Ciberayllu developed a section dedicated to original academic works and testimonies about the Peruvian writer José María Arguedas, entitled Arguediana.

== Contents ==
The articles in Ciberayllu were organized into the following sections:

- Arguediana: articles on the life and works of the Peruvian writer and anthropologist José María Arguedas (1911–1969). This section includes essays of an academic nature, as well as personal testimonies by Alberto Escobar and Cecilia Bustamante, both very close to the great Peruvian writer.
- Essays: articles usually in academic format, mainly in the areas of literary criticism, history, economics, politics, linguistics, anthropology and ethnology (with emphasis on issues of the Andean region), philosophy and, in general, matters of Peruvian, Andean and Latin American interest.
- Literature: literary creation, mainly narrative fiction and poetry.
- Commentary: articles on various topics, including writings on authors, books, music and others.
- Chronicles: interviews with other authors and articles on the author's personal experiences.
- Culture: writings on music, folklore, and elements of Peruvian and Latin American cultures.
- Images: some works that combine text and photographs.
- Breviary: brief reviews and notices of recent books and publications.
- Editorial notes.
- List of authors, including brief biographical notes.

== Characteristics ==
Some relevant characteristics of Ciberayllu:

- The authors of Ciberayllu were never paid for their contributions, which were always voluntary.
- The publication did not contain commercial advertisements nor did it generate revenue of any kind.
- Ciberayllu was not organized into units or numbered editions, as it was published cumulatively, something similar to what would later be called a blog or logbook.
- Ciberayllu published original works.
- Number of articles published: 820 in the thematic sections, plus editorial notes and brief reviews.
- Number of collaborating authors: 230

== Authors ==
The authors who published in Ciberayllu included 230 academics, literary creators, journalists and, in general, writers, both recognized and new. Between 1996 and 2006, there were 197 contributors: 123 Peruvians (71 of them living outside Peru), and 74 authors from 22 other countries. Between 2007 and 2010, there were 68 contributors: 49 Peruvians (25 living outside Peru) and 19 from other countries.
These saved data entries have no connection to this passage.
lemma corner_sum_eq_0:
  fixes x g :: "'a::cstar_algebra"
  assumes x: "projection x" and g: "adj g = g" "x * g = g" "g * x = g" "norm (x - g) \<le> 1"
    and W: "finite W" "\<forall>c\<in>W. norm (x - f c) \<le> 1" and sum_eq_0: "g + (\<Sum>c\<in>W. f c) = 0"
  shows "g = 0"
proof -
  txt \<open>Rescaling g by the number of summands puts both x + t g and x - t g into the unit ball.\<close>
  define t where "t = 1 / (real (card W) + 1)"
  have t: "0 < t" "t \<le> 1" by (auto simp: t_def)
  have "t *\<^sub>R g = 0"
  proof (rule corner_selfadjoint_eq_0[OF x])
    show "adj (t *\<^sub>R g) = t *\<^sub>R g" "x * (t *\<^sub>R g) = t *\<^sub>R g" "t *\<^sub>R g * x = t *\<^sub>R g"
      using g by (simp_all add: adj_scaleR)
    have "x - t *\<^sub>R g = (1 - t) *\<^sub>R x + t *\<^sub>R (x - g)" by (simp add: algebra_simps)
    also have "norm \<dots> \<le> (1 - t) * 1 + t * 1"
      using t norm_projection_le_1[OF x] g(4)
      by (intro order.trans[OF norm_triangle_ineq] add_mono) (simp_all add: mult_left_le)
    finally show "norm (x - t *\<^sub>R g) \<le> 1" by simp
    have "x + (\<Sum>c\<in>W. x - f c) = (real (card W) + 1) *\<^sub>R x + g"
      using sum_eq_0 by (simp add: sum_subtractf scaleR_conv_of_real algebra_simps eq_neg_iff_add_eq_0)
    then have "x + t *\<^sub>R g = t *\<^sub>R (x + (\<Sum>c\<in>W. x - f c))"
      by (simp add: t_def scaleR_add_right)
    also have "norm \<dots> \<le> t * (norm x + (\<Sum>c\<in>W. norm (x - f c)))"
      using t by (simp add: order.trans[OF norm_triangle_ineq] norm_sum add_left_mono)
    also have "\<dots> \<le> t * (1 + (\<Sum>c\<in>W. 1))"
      using t norm_projection_le_1[OF x] W(2) by (intro mult_left_mono add_mono sum_mono) auto
    also have "\<dots> = 1" by (simp add: t_def)
    finally show "norm (x + t *\<^sub>R g) \<le> 1" .
  qed
  then show ?thesis using t by simp
qed

lemma projections_sum_one_orthogonal:
  fixes P :: "'v \<Rightarrow> 'a::cstar_algebra"
  assumes fin: "finite V" and proj: "\<forall>y\<in>V. projection (P y)" and sum_one: "(\<Sum>y\<in>V. P y) = 1"
    and a: "a \<in> V" and b: "b \<in> V" and ab: "a \<noteq> b"
  shows "P a * P b = 0"
proof -
  define x where "x = P a"
  define h where "h c = x * P c * x" for c
  have x: "projection x" using proj a by (simp add: x_def)
  then have xx: "x * x = x" and x_selfadjoint: "adj x = x" by (auto simp: projection_def)
  have P: "adj (P c) = P c" "P c * P c = P c" if "c \<in> V" for c
    using proj that by (auto simp: projection_def)
  define W where "W = V - {a, b}"
  have "x = (\<Sum>c\<in>V. h c)"
    using sum_one xx by (simp add: h_def flip: sum_distrib_left sum_distrib_right)
  also have "\<dots> = (\<Sum>c\<in>insert a (insert b W). h c)"
    using a b by (intro sum.cong) (auto simp: W_def)
  also have "\<dots> = x + (h b + (\<Sum>c\<in>W. h c))"
    using fin ab xx by (simp add: W_def h_def flip: x_def)
  finally have sum_eq_0: "h b + (\<Sum>c\<in>W. h c) = 0" by simp
  have h_le: "norm (x - h c) \<le> 1" if "c \<in> V" for c
  proof -
    have "x - h c = x * (1 - P c) * x" by (simp add: h_def algebra_simps xx)
    moreover have "norm (1 - P c) \<le> 1"
      using proj that by (simp add: norm_projection_le_1 projection_one_minus)
    ultimately show ?thesis
      using norm_projection_le_1[OF x] by (simp add: norm_mult_le_1)
  qed
  have "h b = 0"
  proof (rule corner_sum_eq_0[OF x _ _ _ h_le[OF b] _ _ sum_eq_0])
    show "adj (h b) = h b" "x * h b = h b" "h b * x = h b"
      using P[OF b] by (simp_all add: h_def adj_mult x_selfadjoint xx mult.assoc flip: mult.assoc[of x x])
  qed (use fin h_le in \<open>auto simp: W_def\<close>)
  moreover have "adj (P b * x) * (P b * x) = h b"
    using P[OF b] by (simp add: h_def adj_mult x_selfadjoint mult.assoc flip: mult.assoc[of "P b"])
  then have "(norm (P b * x))\<^sup>2 = norm (h b)"
    by (simp flip: cstar_identity)
  ultimately have "P b * x = 0" by simp
  then have "adj (P b * x) = 0" by simp
  then show ?thesis using P[OF b] by (simp add: adj_mult x_selfadjoint flip: x_def)
qed


section \<open>Precolored graphs, completions and free products\<close>

lemma precolored_class_subset: "precolored V E \<Longrightarrow> X \<in> set E \<Longrightarrow> X \<subseteq> V \<times> V - Id_on V"
  by (auto simp: precolored_def in_set_conv_nth)

lemma precolored_Union_subset: "precolored V E \<Longrightarrow> \<Union>(set E) \<subseteq> V \<times> V - Id_on V"
  using precolored_class_subset by blast

lemma precolored_class_unique:
  assumes "precolored V C" "X \<in> set C" "Y \<in> set C" "p \<in> X" "p \<in> Y"
  shows "X = Y"
  using assms unfolding precolored_def in_set_conv_nth by blast

lemma precolored_append:
  assumes "precolored V L" "precolored V M" "\<And>X Y. X \<in> set L \<Longrightarrow> Y \<in> set M \<Longrightarrow> X \<inter> Y = {}"
  shows "precolored V (L @ M)"
  unfolding precolored_def
proof (intro conjI allI impI)
  show "finite V" using assms(1) by (simp add: precolored_def)
  show "(L @ M) ! i \<subseteq> V \<times> V - Id_on V" if "i < length (L @ M)" for i
    using assms(1,2) that by (auto simp: precolored_def nth_append)
  fix i j assume ij: "i < length (L @ M)" "j < length (L @ M)" "i \<noteq> j"
  consider "i < length L" "j < length L" | "i < length L" "\<not> j < length L"
    | "\<not> i < length L" "j < length L" | "\<not> i < length L" "\<not> j < length L"
    by blast
  then show "(L @ M) ! i \<inter> (L @ M) ! j = {}"
  proof cases
    case 1
    then show ?thesis using assms(1) ij by (simp add: precolored_def nth_append)
  next
    case 2
    then show ?thesis using assms(3)[OF nth_mem nth_mem] ij by (simp add: nth_append)
  next
    case 3
    then have "i - length L < length M" using ij by simp
    then show ?thesis
      using assms(3)[OF nth_mem[of j] nth_mem[of "i - length L"]] ij 3 by (auto simp: nth_append)
  next
    case 4
    then show ?thesis using assms(2) ij by (simp add: precolored_def nth_append)
  qed
qed

definition missing_pairs :: "'a set \<Rightarrow> ('a \<times> 'a) set list \<Rightarrow> ('a \<times> 'a) set" where
  "missing_pairs V E = V \<times> V - Id_on V - \<Union>(set E)"

lemma completion_eq: "completion V E = E @ [missing_pairs V E]"
  by (simp add: completion_def missing_pairs_def)

lemma precolored_completion:
  assumes "precolored V E"
  shows "precolored V (completion V E)"
  unfolding completion_eq using assms
  by (intro precolored_append) (auto simp: precolored_def missing_pairs_def)

lemma Union_completion: "precolored V E \<Longrightarrow> \<Union>(set (completion V E)) = V \<times> V - Id_on V"
  using precolored_Union_subset by (fastforce simp: completion_eq missing_pairs_def)

lemma laplacian_eq_color:
  assumes "precolored V C" "k < length C" "(p, q) \<in> C ! k"
  shows "laplacian C c p q = c k"
proof -
  have "p \<noteq> q" using assms unfolding precolored_def by blast
  moreover have "(THE k'. k' < length C \<and> (p, q) \<in> C ! k') = k"
    using assms unfolding precolored_def by (intro the_equality) blast+
  ultimately show ?thesis by (simp add: laplacian_def)
qed

lemma laplacian_eq_iff_same_class:
  assumes pc: "precolored V C" and cover: "\<Union>(set C) = V \<times> V - Id_on V"
    and inj: "inj_on c {..<length C}"
    and V: "a \<in> V" "z \<in> V" "x \<in> V" "b \<in> V" and off_diagonal: "a \<noteq> z" "x \<noteq> b"
  shows "laplacian C c a z = laplacian C c x b \<longleftrightarrow> (\<exists>X\<in>set C. (a, z) \<in> X \<and> (x, b) \<in> X)"
proof -
  have "(a, z) \<in> \<Union>(set C)" "(x, b) \<in> \<Union>(set C)"
    using cover V off_diagonal by auto
  then obtain k l where k: "k < length C" "(a, z) \<in> C ! k" and l: "l < length C" "(x, b) \<in> C ! l"
    by (auto simp: in_set_conv_nth)
  have "laplacian C c a z = laplacian C c x b \<longleftrightarrow> k = l"
    using laplacian_eq_color[OF pc k] laplacian_eq_color[OF pc l] inj k(1) l(1)
    by (auto dest: inj_onD)
  also have "\<dots> \<longleftrightarrow> (\<exists>X\<in>set C. (a, z) \<in> X \<and> (x, b) \<in> X)"
  proof
    assume "k = l"
    then show "\<exists>X\<in>set C. (a, z) \<in> X \<and> (x, b) \<in> X"
      using k l nth_mem by blast
  next
    assume "\<exists>X\<in>set C. (a, z) \<in> X \<and> (x, b) \<in> X"
    then obtain X where X: "X \<in> set C" "(a, z) \<in> X" "(x, b) \<in> X" by blast
    then have "C ! k = C ! l"
      using precolored_class_unique[OF pc nth_mem[OF k(1)] X(1) k(2)]
        precolored_class_unique[OF pc nth_mem[OF l(1)] X(1) l(2)] by simp
    then show "k = l"
      using pc k l unfolding precolored_def by blast
  qed
  finally show ?thesis .
qed

definition free_prod_left :: "'c set \<Rightarrow> ('a \<times> 'a) set \<Rightarrow> (('a \<times> 'c) \<times> ('a \<times> 'c)) set" where
  "free_prod_left Z R = {((i, \<alpha>), (j, \<alpha>)) | i j \<alpha>. (i, j) \<in> R \<and> \<alpha> \<in> Z}"

definition free_prod_right :: "'a set \<Rightarrow> ('c \<times> 'c) set \<Rightarrow> (('a \<times> 'c) \<times> ('a \<times> 'c)) set" where
  "free_prod_right T R = {((i, \<alpha>), (j, \<beta>)) | i j \<alpha> \<beta>. i \<in> T \<and> j \<in> T \<and> (\<alpha>, \<beta>) \<in> R}"

lemma mem_free_prod_left [simp]:
  "((i, \<alpha>), (j, \<beta>)) \<in> free_prod_left Z R \<longleftrightarrow> (i, j) \<in> R \<and> \<alpha> \<in> Z \<and> \<beta> = \<alpha>"
  by (auto simp: free_prod_left_def)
== Recognitions and awards ==

- 1998: Ciberayllu was recognized as one of the “Five Best [Spanish language] Literary Magazines on the Internet” by Letralia, a Venezuelan publication.
- 2004: Ciberayllu received a tribute at the Institute of Advanced Studies on Latin America, at the Sorbonne, in Paris.
- 2005, Ciberayllu was also included in The Best of the Web for Latin American Studies, in the United Kingdom.